(* Write $n=6m+b$ with integers $m\ge0$ and $0\le b\le5$. The number of nonzero terms of $H_n(x)$ is $m+2$ if $b=4$, and $m+1$ otherwise.
   Context: For $n\ge1$ let $\Xi_n$ be the poset on $\{x_1,\dots,x_n\}$ whose cover relations are exactly: $x_2\prec x_1$, $x_3\prec x_2$, and for $3\le i\le n-1$, $x_i\prec x_{i+1}$ if $i$ is odd and $x_{i+1}\prec x_i$ if $i$ is even (so $x_1>x_2>x_3<x_4>x_5<\cdots$). A filter of a poset is an up-closed subset. The matchable Lucas cube $\Omega_n$ is the graph whose vertices are the filters of $\Xi_n$, two filters adjacent iff one is obtained from the other by deleting a single element; $\Omega_0$ is the one-vertex graph. $h_{n,k}$ is the number of maximal induced $k$-dimensional hypercubes in $\Omega_n$ (induced $k$-cubes not contained in an induced $(k+1)$-cube), and $H_n(x)=\sum_{k\ge0}h_{n,k}x^k$. *)

theory Defs
  imports Main
begin

(* Elements x_1..x_n of Xi_n are represented by the naturals 1..n.
   xi_cover n i j  means  x_i \<prec> x_j  (x_j covers x_i). *)
definition xi_cover :: "nat \<Rightarrow> nat \<Rightarrow> nat \<Rightarrow> bool" where
  "xi_cover n i j \<longleftrightarrow> 1 \<le> i \<and> i \<le> n \<and> 1 \<le> j \<and> j \<le> n \<and>
     ((i = 2 \<and> j = 1) \<or> (i = 3 \<and> j = 2) \<or>
      (\<exists>l. 3 \<le> l \<and> l \<le> n - 1 \<and>
         ((odd l \<and> i = l \<and> j = l + 1) \<or> (even l \<and> i = l + 1 \<and> j = l))))"

definition xi_le :: "nat \<Rightarrow> nat \<Rightarrow> nat \<Rightarrow> bool" where
  "xi_le n = (xi_cover n)\<^sup>*\<^sup>*"

definition is_filter :: "nat \<Rightarrow> nat set \<Rightarrow> bool" where
  "is_filter n F \<longleftrightarrow> F \<subseteq> {1..n} \<and>
     (\<forall>x\<in>F. \<forall>y\<in>{1..n}. xi_le n x y \<longrightarrow> y \<in> F)"

definition omega_vertices :: "nat \<Rightarrow> nat set set" where
  "omega_vertices n = {F. is_filter n F}"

Work instruction: Everything from the line containing "nat set \<Rightarrow>" through the last line above should be copied exactly, please, with nothing added.

Answer to the problem:
definition is_filter :: "nat \<Rightarrow> nat set \<Rightarrow> bool" where
  "is_filter n F \<longleftrightarrow> F \<subseteq> {1..n} \<and>
     (\<forall>x\<in>F. \<forall>y\<in>{1..n}. xi_le n x y \<longrightarrow> y \<in> F)"

definition omega_vertices :: "nat \<Rightarrow> nat set set" where
  "omega_vertices n = {F. is_filter n F}"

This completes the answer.